With the goal of drawing 20 million inbound tourists annually by 2020 within reach four years ahead of schedule, the government doubled the target to 40 million
Long dominated by its industrial and manufacturing sectors, and still recovering from the aftermath of the natural and industrial catastrophes at Tohoku in 2011, Japan is today looking at a still largely untapped yet highly potential new source of income: tourism.
The increase in visitors in recent years reached nearly 20 million in 2015: 47.3% up on the previous year’s total and nearly four times the 5.2 million who visited the country in 2003 when the “Visit Japan” campaign began. This notable step forward has encouraged the Japanese government to regard tourism as one of the most promising new pillars in the promotion of its economic growth strategy. Such a rise in numbers had not been anticipated until 2020, when the country hosts the next Olympics, and has prompted the government to now double its target of tourist arrivals to 40 million.

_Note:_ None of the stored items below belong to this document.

lemma schur_test:
  fixes c :: "nat \<Rightarrow> nat \<Rightarrow> real" and eta e :: "nat \<Rightarrow> real"
  assumes c0: "\<And>I J. 0 \<le> c I J"
    and rowsum: "\<And>I. (\<Sum>J<Q. c I J) \<le> S" and colsum: "\<And>J. (\<Sum>I<Q. c I J) \<le> S"
    and e: "\<And>I. I < Q \<Longrightarrow> 0 \<le> e I \<and> e I \<le> (\<Sum>J<Q. c I J * eta J)"
  shows "(\<Sum>I<Q. (e I)\<^sup>2) \<le> S\<^sup>2 * (\<Sum>J<Q. (eta J)\<^sup>2)"
proof (cases "Q = 0")
  case False
  then have S0: "0 \<le> S" using rowsum[of 0] sum_nonneg[of "{..<Q}" "c 0"] c0
    by (meson order_trans)
  have row: "(e I)\<^sup>2 \<le> S * (\<Sum>J<Q. c I J * (eta J)\<^sup>2)" if I: "I < Q" for I
  proof -
    have "(e I)\<^sup>2 \<le> (\<Sum>J<Q. c I J * eta J)\<^sup>2"
      using e[OF I] by (intro power_mono) auto
    also have "(\<Sum>J<Q. c I J * eta J) = (\<Sum>J<Q. sqrt (c I J) * (sqrt (c I J) * eta J))"
      by (rule sum.cong) (auto simp: c0 mult.assoc[symmetric])
    also have "(\<dots>)\<^sup>2 \<le> (\<Sum>J<Q. (sqrt (c I J))\<^sup>2) * (\<Sum>J<Q. (sqrt (c I J) * eta J)\<^sup>2)"
      by (rule Cauchy_Schwarz_ineq_sum)
    also have "\<dots> = (\<Sum>J<Q. c I J) * (\<Sum>J<Q. c I J * (eta J)\<^sup>2)"
      by (simp add: c0 power_mult_distrib)
    also have "\<dots> \<le> S * (\<Sum>J<Q. c I J * (eta J)\<^sup>2)"
      by (rule mult_right_mono[OF rowsum]) (auto intro: sum_nonneg simp: c0)
    finally show ?thesis .
  qed
  have "(\<Sum>I<Q. \<Sum>J<Q. c I J * (eta J)\<^sup>2) = (\<Sum>J<Q. (eta J)\<^sup>2 * (\<Sum>I<Q. c I J))"
    by (subst sum.swap) (simp add: sum_distrib_left mult.commute)
  also have "\<dots> \<le> (\<Sum>J<Q. (eta J)\<^sup>2 * S)"
    by (intro sum_mono mult_left_mono[OF colsum]) simp
  finally have cols: "(\<Sum>I<Q. \<Sum>J<Q. c I J * (eta J)\<^sup>2) \<le> S * (\<Sum>J<Q. (eta J)\<^sup>2)"
    by (simp add: sum_distrib_left mult.commute)
  have "(\<Sum>I<Q. (e I)\<^sup>2) \<le> (\<Sum>I<Q. S * (\<Sum>J<Q. c I J * (eta J)\<^sup>2))"
    by (rule sum_mono) (rule row, simp)
  also have "\<dots> = S * (\<Sum>I<Q. \<Sum>J<Q. c I J * (eta J)\<^sup>2)"
    by (simp add: sum_distrib_left)
  also have "\<dots> \<le> S * (S * (\<Sum>J<Q. (eta J)\<^sup>2))"
    by (rule mult_left_mono[OF cols S0])
  finally show ?thesis by (simp add: power2_eq_square)
qed simp

lemma schur_test_toeplitz:
  fixes a eta e :: "nat \<Rightarrow> real"
  assumes a0: "\<And>t. 0 \<le> a t" and aS: "\<And>T. (\<Sum>t<T. a t) \<le> S"
    and e: "\<And>I. I < Q \<Longrightarrow> 0 \<le> e I \<and> e I \<le> (\<Sum>J<Q. (if I \<le> J then a (J - I) else 0) * eta J)"
  shows "(\<Sum>I<Q. (e I)\<^sup>2) \<le> S\<^sup>2 * (\<Sum>J<Q. (eta J)\<^sup>2)"
proof (rule schur_test[OF _ _ _ e])
  define c where "c I J = (if I \<le> J then a (J - I) else 0)" for I J
  show "0 \<le> (if I \<le> J then a (J - I) else 0)" for I J by (simp add: a0)
  have "(\<Sum>J<Q'. c I J) = (\<Sum>t<Q' - I. a t)" for I Q'
    by (induction Q') (auto simp: c_def Suc_diff_le not_less_eq_eq)
  then show "(\<Sum>J<Q. if I \<le> J then a (J - I) else 0) \<le> S" for I
    using aS[of "Q - I"] by (simp add: c_def)
  show "(\<Sum>I<Q. if I \<le> J then a (J - I) else 0) \<le> S" for J
  proof -
    have "(\<Sum>I<Q. if I \<le> J then a (J - I) else 0) = (\<Sum>I\<in>{..<Q} \<inter> {..<Suc J}. a (J - I))"
      by (subst sum.inter_restrict) (auto intro!: sum.cong simp: less_Suc_eq_le)
    also have "\<dots> \<le> (\<Sum>I<Suc J. a (J - I))"
      by (rule sum_mono2) (simp_all add: a0)
    also have "\<dots> = (\<Sum>I<Suc J. a I)"
      using sum.nat_diff_reindex[of "\<lambda>I. a I" "Suc J"] by simp
    also have "\<dots> \<le> S" by (rule aS)
    finally show ?thesis .
  qed
qed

Also targeted for 2020 is a spending of 8 trillion yen ($79.6 billion) by overseas visitors, over twice its 2015 record of 3.48 trillion yen. Looking ahead, the government aims to attract 60 million visitors a year by 2030 in the additional hope that they will spend 15 trillion yen annually by then.
The bulk of the country’s visitors come from Asia, and over a quarter of the total are well-heeled Chinese travelers, who tend to indulge in high spending city sprees during their stay, rather than check out the local culture. Only around a million visitors come from the United States at present, with a large number of potential future clients apparently deterred by language difficulties and the high cost of living they expect to encounter in Japan.

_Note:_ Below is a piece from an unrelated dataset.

(* Fix an integer horizon $T\ge 1$ and positive constants $s,k_u,m,\delta_1,\delta_2,\gamma,q,k_w,n,A,M_1$ with $0<m<1$, $0<n<1$, and constants $M_2\ge 0$, $0<N<1$. Consider the discrete-time controlled system (Model A) \[ \begin{aligned} u_{t+1}&=u_t\Big[s\Big(1-\tfrac{u_t}{k_u}\Big)\Big(\tfrac{u_t}{k_u}-m\Big)+1\Big](1-\delta_1 v_t)+h_t w_t\Big[q\Big(1-\tfrac{w_t}{k_w}\Big)\Big(\tfrac{w_t}{k_w}-n\Big)+1\Big],\\ v_{t+1}&=\Big(v_t+u_t\Big[s\Big(1-\tfrac{u_t}{k_u}\Big)\Big(\tfrac{u_t}{k_u}-m\Big)+1\Big]\delta_2 v_t\Big)(1-\gamma),\\ w_{t+1}&=(w_t-h_t w_t)\Big[q\Big(1-\tfrac{w_t}{k_w}\Big)\Big(\tfrac{w_t}{k_w}-n\Big)+1\Big], \end{aligned} \qquad t=0,1,\dots,T-1, \] with given initial values $u_0,v_0,w_0$, where the control ${\bf h}=(h_0,\dots,h_{T-1})$ ranges over the control set $\Omega=\{{\bf h}: 0\le h_t\le A,\ t=0,\dots,T-1\}$, and the objective functional to be maximized is \[ J({\bf h})=u_T+N w_T-\sum_{t=0}^{T-1}\big(M_1 h_t^2+M_2 h_t\big). \] Let ${\bf h}^\ast=(h^\ast_0,\dots,h^\ast_{T-1})\in\Omega$ be an optimal control with corresponding state solutions ${\bf u}^\ast=(u^\ast_0,\dots,u^\ast_T)$, ${\bf v}^\ast=(v^\ast_0,\dots,v^\ast_T)$, ${\bf w}^\ast=(w^\ast_0,\dots,w^\ast_T)$. Then there exist adjoint vectors $\lambda_{\bf u}=(\lambda_{u,0},\dots,\lambda_{u,T})$, $\lambda_{\bf v}=(\lambda_{v,0},\dots,\lambda_{v,T})$, $\lambda_{\bf w}=(\lambda_{w,0},\dots,\lambda_{w,T})$ satisfying, for $t=0,\dots,T-1$, \[ \begin{aligned} \lambda_{u,t}=&\Big((1-\delta_1 v^\ast_t)\lambda_{u,t+1}+\delta_2 v^\ast_t(1-\gamma)\lambda_{v,t+1}\Big)\Big[s\Big(1-\tfrac{u^\ast_t}{k_u}\Big)\Big(\tfrac{u^\ast_t}{k_u}-m\Big)+1\Big]\\ &+\Big(u^\ast_t(1-\delta_1 v^\ast_t)\lambda_{u,t+1}+u^\ast_t\delta_2 v^\ast_t(1-\gamma)\lambda_{v,t+1}\Big)\Big[\tfrac{s}{k_u}\Big(1-\tfrac{u^\ast_t}{k_u}\Big)-\tfrac{s}{k_u}\Big(\tfrac{u^\ast_t}{k_u}-m\Big)\Big],\\ \lambda_{v,t}=&-\lambda_{u,t+1}u^\ast_t\Big[s\Big(1-\tfrac{u^\ast_t}{k_u}\Big)\Big(\tfrac{u^\ast_t}{k_u}-m\Big)+1\Big]\delta_1\\ &+\lambda_{v,t+1}\Big[1+u^\ast_t\Big(s\Big(1-\tfrac{u^\ast_t}{k_u}\Big)\Big(\tfrac{u^\ast_t}{k_u}-m\Big)+1\Big)\delta_2\Big](1-\gamma),\\ \lambda_{w,t}=&\Big(h^\ast_t\lambda_{u,t+1}+(1-h^\ast_t)\lambda_{w,t+1}\Big)\Big[q\Big(1-\tfrac{w^\ast_t}{k_w}\Big)\Big(\tfrac{w^\ast_t}{k_w}-n\Big)+1\Big]\\ &+w^\ast_t\Big(h^\ast_t\lambda_{u,t+1}+(1-h^\ast_t)\lambda_{w,t+1}\Big)\Big[\tfrac{q}{k_w}\Big(1-\tfrac{w^\ast_t}{k_w}\Big)-\tfrac{q}{k_w}\Big(\tfrac{w^\ast_t}{k_w}-n\Big)\Big], \end{aligned} \] with transversality conditions $\lambda_{u,T}=1$, $\lambda_{v,T}=0$, $\lambda_{w,T}=N$. Moreover, for $t=0,\dots,T-1$, \[ h^\ast_t=\min\left\{A,\ \max\left\{0,\ \frac{(\lambda_{u,t+1}-\lambda_{w,t+1})\Big[q\Big(1-\tfrac{w^\ast_t}{k_w}\Big)\Big(\tfrac{w^\ast_t}{k_w}-n\Big)+1\Big]w^\ast_t-M_2}{2M_1}\right\}\right\}. \]
   Context: Here $u_t$, $v_t$, $w_t$ denote the prey (target), predator and reserve population sizes at time step $t$; $h_t$ is the proportion of the reserve population translocated to the target population at step $t$. The parameters: $s$, $q$ are intrinsic growth rates of prey and reserve, $k_u$, $k_w$ their carrying capacities, $m,n\in(0,1)$ strong Allee constants, $\delta_1$ the consumption rate, $\delta_2$ the attack rate, $\gamma$ the predator decay rate, $A$ the maximum control effort, $M_1>0$, $M_2\ge 0$ cost constants and $N\in(0,1)$ the weight on the final reserve population. In the paper's setting the initial reserve population satisfies $w_0>nk_w$ and the initial prey population is below its growth threshold. *)

theory Defs
  imports Complex_Main
begin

Akira Hirabayahshi, President of H.I.S. Travel Agency, which has 300 locations in Japan and 215 retail locations in 64 countries (and also operates the country’s first fully-automated robot hotel in Nagasaki), is anxious to dispel these misconceptions. “We have online booking in 15 languages at hisgo.com and over 13,000 staff that can talk to you without waiting 30 or more minutes on the phone. We’re even available in person at our retail locations,” he says.

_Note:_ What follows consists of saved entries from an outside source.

lemma regular_K55m: "regular K55m_V K55m_E 4"
proof -
  have "{y. K55m_E x y} = {\<not> fst x} \<times> ({..<5} - {snd x})" if "x \<in> K55m_V" for x
    using that by (auto simp: K55m_E_def K55m_V_def)
  then show ?thesis
    by (auto simp: regular_def K55m_V_def card_cartesian_product)
qed

lemma fin_graph_BCH: "fin_graph BCH_V BCH_E"
  by (auto simp: fin_graph_def BCH_V_def BCH_E_def lessThan_empty_iff)

lemma card_lines_avoiding: "p < 7 \<Longrightarrow> card {l. l < 7 \<and> \<not> fano_inc p l} = 4"
  and card_points_avoiding: "l < 7 \<Longrightarrow> card {p. p < 7 \<and> \<not> fano_inc p l} = 4"
proof -
  have lt7: "i < 7 \<Longrightarrow> i = 0 \<or> i = 1 \<or> i = 2 \<or> i = 3 \<or> i = 4 \<or> i = 5 \<or> i = 6" for i :: nat
    by auto
  show "p < 7 \<Longrightarrow> card {l. l < 7 \<and> \<not> fano_inc p l} = 4"
    by (drule lt7, elim disjE; hypsubst; simp only: numeral_7_eq_Suc card_Collect_less_Suc; simp add: fano_inc_def)
  show "l < 7 \<Longrightarrow> card {p. p < 7 \<and> \<not> fano_inc p l} = 4"
    by (drule lt7, elim disjE; hypsubst; simp only: numeral_7_eq_Suc card_Collect_less_Suc; simp add: fano_inc_def)
qed

lemma regular_BCH: "regular BCH_V BCH_E 4"
  unfolding regular_def
proof
  fix x assume "x \<in> BCH_V"
  then obtain b i where x: "x = (b, i)" "i < 7"
    by (auto simp: BCH_V_def)
  show "card {y. BCH_E x y} = 4"
  proof (cases b)
    case True
    then have "{y. BCH_E x y} = {False} \<times> {p. p < 7 \<and> \<not> fano_inc p i}"
      using x by (auto simp: BCH_E_def)
    then show ?thesis
      using card_points_avoiding[OF x(2)] by (simp add: card_cartesian_product)
  next
    case False
    then have "{y. BCH_E x y} = {True} \<times> {l. l < 7 \<and> \<not> fano_inc i l}"
      using x by (auto simp: BCH_E_def)
    then show ?thesis
      using card_lines_avoiding[OF x(2)] by (simp add: card_cartesian_product)
  qed
qed
theorem lemma2:
  fixes k :: nat and L :: "'a list set"
  assumes "k \<ge> 2"
    and "k_permutable k TYPE('m::monoid_mult)"
    and "L \<in> LRat TYPE('m)"
  shows "\<exists>m::nat. m > 0 \<and>
    (\<forall>w \<in> L. \<forall>ws :: 'a list list.
       length w \<ge> m \<and> length ws = m \<and> (\<forall>u \<in> set ws. u \<noteq> []) \<and> concat ws = w \<longrightarrow>
       (\<exists>i :: nat \<Rightarrow> nat. (\<forall>j < k. i j < i (Suc j)) \<and> i k \<le> m \<and>
          (let lam = concat (take (i 0) ws);
               W = (\<lambda>j. concat (take (i j - i (j - 1)) (drop (i (j - 1)) ws)));
               mu = concat (drop (i k) ws)
           in w = lam @ concat (map W [1..<k+1]) @ mu \<and>
              (\<exists>\<sigma>. \<sigma> permutes {1..k} \<and> \<sigma> \<noteq> id \<and>
                   lam @ concat (map (W \<circ> \<sigma>) [1..<k+1]) @ mu \<in> L))))"
proof -
  from assms(3) obtain Q :: "nat set" and Sig :: "'a set" and delta :: "nat \<Rightarrow> 'a option \<Rightarrow> (nat \<times> 'm) set"
    and q0 Qa I0 I1 where aut: "is_M_automaton Q Sig delta q0 Qa"
    and L: "L = rat_lang Q Sig delta q0 Qa I0 I1"
    unfolding LRat_def by blast
  show ?thesis
  proof (intro exI[of _ "card Q * k + 1"] conjI ballI allI impI)
    fix w ws
    assume "w \<in> L" and "length w \<ge> card Q * k + 1 \<and> length ws = card Q * k + 1 \<and>
      (\<forall>u \<in> set ws. u \<noteq> []) \<and> concat ws = w"
    then have w: "w \<in> rat_lang Q Sig delta q0 Qa I0 I1" and "concat ws = w"
      and m: "length ws = card Q * k + 1"
      unfolding L by auto
    from rat_lang_block_permutation[OF aut assms(2) w \<open>concat ws = w\<close>]
    show "\<exists>i. (\<forall>j < k. i j < i (Suc j)) \<and> i k \<le> card Q * k + 1 \<and>
          (let lam = concat (take (i 0) ws);
               W = (\<lambda>j. concat (take (i j - i (j - 1)) (drop (i (j - 1)) ws)));
               mu = concat (drop (i k) ws)
           in w = lam @ concat (map W [1..<k+1]) @ mu \<and>
              (\<exists>\<sigma>. \<sigma> permutes {1..k} \<and> \<sigma> \<noteq> id \<and>
                   lam @ concat (map (W \<circ> \<sigma>) [1..<k+1]) @ mu \<in> L))"
      unfolding L m by simp
  qed simp
qed

end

“Also, the exchange rate has been beneficial and Japan is more affordable than ever before. Travelers from the U.S. will find that prices are lower and the exchange rate is favorable for the U.S. dollar. Since the 1980s ‘Bubble Economy’ many people still have the idea that prices in Japan are exorbitant but this is simply not the case.”
Ryoichi Matsuyama, CEO and President of the Japanese National Tourism Organization (JNTO), says much the same: “Everyone states that they wish to visit Japan someday, but often the perception is that it’s too expensive, too far away and that there is a great language barrier. We must now close this perception gap and create the sentiment of ‘I want to go to Japan now!’”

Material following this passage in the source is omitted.